What else can I say? Smith was the victim of an unfortunate offensive set and mind-numbing quarterback play in Carolina this season. He caught 46 passes for 554 yards and scored twice. Smith’s touchdowns came in Weeks 1 and 2, and he eclipsed 60 receiving yards only once following the Week 2 loss to Tampa Bay.
Wide receiver: Robert Meachem, New Orleans
You know that you’re entering a dangerous world by drafting one of the New Orleans receivers. Meachem was drafted as a late-WR2 based on his big-play potential and frequent red zone appearances. His big plays were few and far between, and he finished the year with just 638 receiving yards on 44 receptions with five touchdowns. Thirteen of his receptions and 207 of his receiving yards came in two games.
Flex (RB/WR): Jahvid Best, RB, Detroit
It was a difficult decision to put Best on the list because we all knew about his injury issues. However, since he attempted to play through the pain and continued to receive touches, Best not only remained in consideration for flex slots, but also kept another back from assuming a full workload. He finished with 1,042 total yards overall (555 rushing) with six touchdowns. Five of his six touchdowns came in the season’s first two games. Best did catch 58 passes to help those in PPR leagues.
Tight end: Visanthe Shiancoe, Minnesota
Last year’s red zone monster became an afterthought in the Vikings’ train wreck of a 2010 season. Shiancoe nearly matched his reception and receiving yardage totals of 2009 (down nine receptions and 36 receiving yards), but scored nine fewer touchdowns.
Kicker: Lawrence Tynes, New York Giants
No other kicker jumped off of the page, so Tynes ended up getting pushed ahead of the fray. He converted 43 extra points this season, but was limited to just 19 field-goal makes (with five multi-field goal games).

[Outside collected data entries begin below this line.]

lemma dedekind_image_subset_lin_span_newton:
  assumes hom: "\<And>j. j < m \<Longrightarrow> comm_ring_hom (\<sigma> j)"
    and \<sigma>_S: "\<And>j c. j < m \<Longrightarrow> c \<in> S \<Longrightarrow> \<sigma> j c = c"
    and \<sigma>_\<theta>: "\<And>j. j < m \<Longrightarrow> \<sigma> j \<theta> = \<tau> j"
    and S_T: "S \<subseteq> T" and T_gen: "T = {x. \<exists>n c. (\<forall>i<n. c i \<in> S) \<and> x = (\<Sum>i<n. c i * \<theta> ^ i)}"
  shows "dedekind_image T m \<sigma> \<subseteq> lin_span T m newton"
proof (rule dedekind_image_subset[OF is_submodule_lin_span])
  fix x y assume "x \<in> T" "y \<in> T"
  then obtain n c where c: "\<forall>i<n. c i \<in> S" "y = (\<Sum>i<n. c i * \<theta> ^ i)"
    using T_gen by blast
  have "\<sigma> j y = (\<Sum>i<n. c i * \<tau> j ^ i)" if "j < m" for j
  proof -
    interpret comm_ring_hom "\<sigma> j"
      by (rule hom[OF that])
    show ?thesis
      using c \<sigma>_S[OF that] \<sigma>_\<theta>[OF that] by (simp add: hom_sum hom_mult hom_power)
  qed
  then have "(\<lambda>j. if j < m then x * \<sigma> j y else 0) =
      (\<lambda>j. \<Sum>i<n. (x * c i) * (if j < m then \<tau> j ^ i else 0))"
    by (auto simp: fun_eq_iff sum_distrib_left mult.assoc)
  also have "\<dots> \<in> lin_span T m newton"
    using c(1) S_T \<open>x \<in> T\<close> newton_in_lin_span[of 0, unfolded newton_0]
    by (intro submodule_lincomb[OF is_submodule_lin_span] powers_in_submodule[OF is_submodule_lin_span])
      (auto simp: lin_span_newton_mult)
  finally show "(\<lambda>j. if j < m then x * \<sigma> j y else 0) \<in> lin_span T m newton" .
qed
(* Let $X$ be a space having the metric sparsification property with constant $c\in(0,1]$ and function $f:\mathbb{N}\to\mathbb{N}$. Then for every $\omega\in\partial X$, the limit space $(X(\omega),d_\omega)$ has the metric sparsification property with the same constant $c$ and the same function $f$.
   Context: A *space* is a metric space $(X,d)$ that is strongly discrete (the set $\{d(x,y):x,y\in X\}$ is a discrete subset of $\mathbb{R}$) and has bounded geometry (for every $r>0$, $\sup_{x\in X}|B(x;r)|<\infty$). Metric sparsification property (MSP) with constant $c\in(0,1]$: there is a non-decreasing $f:\mathbb{N}\to\mathbb{N}$ such that for every $m\in\mathbb{N}$ and every finite positive measure $\mu$ on $X$ there is $\Omega=\bigsqcup_{i\in I}\Omega_i\subseteq X$ with $d(\Omega_i,\Omega_j)\ge m$ for $i\ne j$, $\operatorname{diam}(\Omega_i)\le f(m)$ for all $i$, and $\mu(\Omega)\ge c\mu(X)$. Ultrafilters: $\beta X$ is the Stone–Čech compactification (ultrafilters are finitely additive $\omega:\mathcal{P}(X)\to\{0,1\}$ with $\omega(X)=1$), $\partial X=\beta X\setminus X$. If $\omega(D)=1$ and $g:D\to K$, $K$ compact Hausdorff, $\lim_{x\to\omega}g(x)$ is the unique $k$ with $\omega(g^{-1}(U))=1$ for every neighbourhood $U$ of $k$. A partial translation is a bijection $t:D\to R$ between subsets of $X$ with $\sup_{x\in D}d(x,t(x))<\infty$; it is compatible with $\omega$ if $\omega(D)=1$, and then $t(\omega):=\lim_{x\to\omega}t(x)\in\beta X$. $X(\omega)$ is the set of all $t(\omega)$ with $t$ compatible with $\omega$; for a compatible family $\{t_\alpha\}_{\alpha\in X(\omega)}$ ($t_\alpha$ compatible with $\omega$, $t_\alpha(\omega)=\alpha$), $d_\omega(\alpha,\beta)=\lim_{x\to\omega}d(t_\alpha(x),t_\beta(x))$ is a metric on $X(\omega)$ independent of the family. *)

theory Defs
  imports "HOL-Analysis.Analysis"
begin

definition metric_on :: "'a set \<Rightarrow> ('a \<Rightarrow> 'a \<Rightarrow> real) \<Rightarrow> bool" where
  "metric_on X d \<longleftrightarrow>
     (\<forall>x\<in>X. \<forall>y\<in>X. 0 \<le> d x y \<and> (d x y = 0 \<longleftrightarrow> x = y) \<and> d x y = d y x) \<and>
     (\<forall>x\<in>X. \<forall>y\<in>X. \<forall>z\<in>X. d x z \<le> d x y + d y z)"

definition distance_set :: "'a set \<Rightarrow> ('a \<Rightarrow> 'a \<Rightarrow> real) \<Rightarrow> real set" where
  "distance_set X d = {d x y | x y. x \<in> X \<and> y \<in> X}"

definition strongly_discrete :: "'a set \<Rightarrow> ('a \<Rightarrow> 'a \<Rightarrow> real) \<Rightarrow> bool" where
  "strongly_discrete X d \<longleftrightarrow> (\<forall>v\<in>distance_set X d. \<not> v islimpt distance_set X d)"

definition bounded_geometry :: "'a set \<Rightarrow> ('a \<Rightarrow> 'a \<Rightarrow> real) \<Rightarrow> bool" where
  "bounded_geometry X d \<longleftrightarrow>
     (\<forall>r>0. \<exists>N::nat. \<forall>x\<in>X. finite {y\<in>X. d x y \<le> r} \<and> card {y\<in>X. d x y \<le> r} \<le> N)"

definition is_space :: "'a set \<Rightarrow> ('a \<Rightarrow> 'a \<Rightarrow> real) \<Rightarrow> bool" where
  "is_space X d \<longleftrightarrow> metric_on X d \<and> strongly_discrete X d \<and> bounded_geometry X d"

text \<open>The family P plays the role of the pieces Omega_i; Omega is their union.
  Finite positive measures on S are measures on the power set of S with finite total mass.\<close>
definition msp_with :: "'b set \<Rightarrow> ('b \<Rightarrow> 'b \<Rightarrow> real) \<Rightarrow> real \<Rightarrow> (nat \<Rightarrow> nat) \<Rightarrow> bool" where
  "msp_with S d c f \<longleftrightarrow> mono f \<and>
     (\<forall>(m::nat) (\<mu>::'b measure). space \<mu> = S \<longrightarrow> sets \<mu> = Pow S \<longrightarrow> emeasure \<mu> S < \<infinity> \<longrightarrow>
        (\<exists>P. P \<subseteq> Pow S \<and> disjoint P \<and>
             (\<forall>A\<in>P. \<forall>B\<in>P. A \<noteq> B \<longrightarrow> (\<forall>x\<in>A. \<forall>y\<in>B. real m \<le> d x y)) \<and>
             (\<forall>A\<in>P. \<forall>x\<in>A. \<forall>y\<in>A. d x y \<le> real (f m)) \<and>
             ennreal c * emeasure \<mu> S \<le> emeasure \<mu> (\<Union>P)))"

text \<open>An ultrafilter on X: a finitely additive {0,1}-valued function on the subsets of X
  with value 1 on X, represented by the collection of sets of value 1.\<close>
definition ultrafilter_on :: "'a set \<Rightarrow> 'a set set \<Rightarrow> bool" where
  "ultrafilter_on X U \<longleftrightarrow> U \<subseteq> Pow X \<and> X \<in> U \<and>
     (\<forall>A B. A \<subseteq> X \<longrightarrow> B \<subseteq> X \<longrightarrow> A \<inter> B = {} \<longrightarrow>
        ((A \<union> B \<in> U \<longleftrightarrow> A \<in> U \<or> B \<in> U) \<and> \<not> (A \<in> U \<and> B \<in> U)))"

definition betaX :: "'a set \<Rightarrow> 'a set set set" where
  "betaX X = {U. ultrafilter_on X U}"

definition principal_uf :: "'a set \<Rightarrow> 'a \<Rightarrow> 'a set set" where
  "principal_uf X x = {A. A \<subseteq> X \<and> x \<in> A}"

definition boundaryX :: "'a set \<Rightarrow> 'a set set set" where
  "boundaryX X = betaX X - principal_uf X ` X"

Tynes offered a decent baseline with those frequent extra points, but he was limited to those five big games.
D/ST: Minnesota Vikings
I already used my “fly to Mississippi and B.A. Baracus Brett Favre” joke earlier, so I’ll just look at the stats here. The Vikings generated 31 sacks (tied for 20th in the NFL) and ranked 18th in total defense (21.8 points allowed per game). Jared Allen did record 11 sacks, so those in IDP leagues had something to celebrate.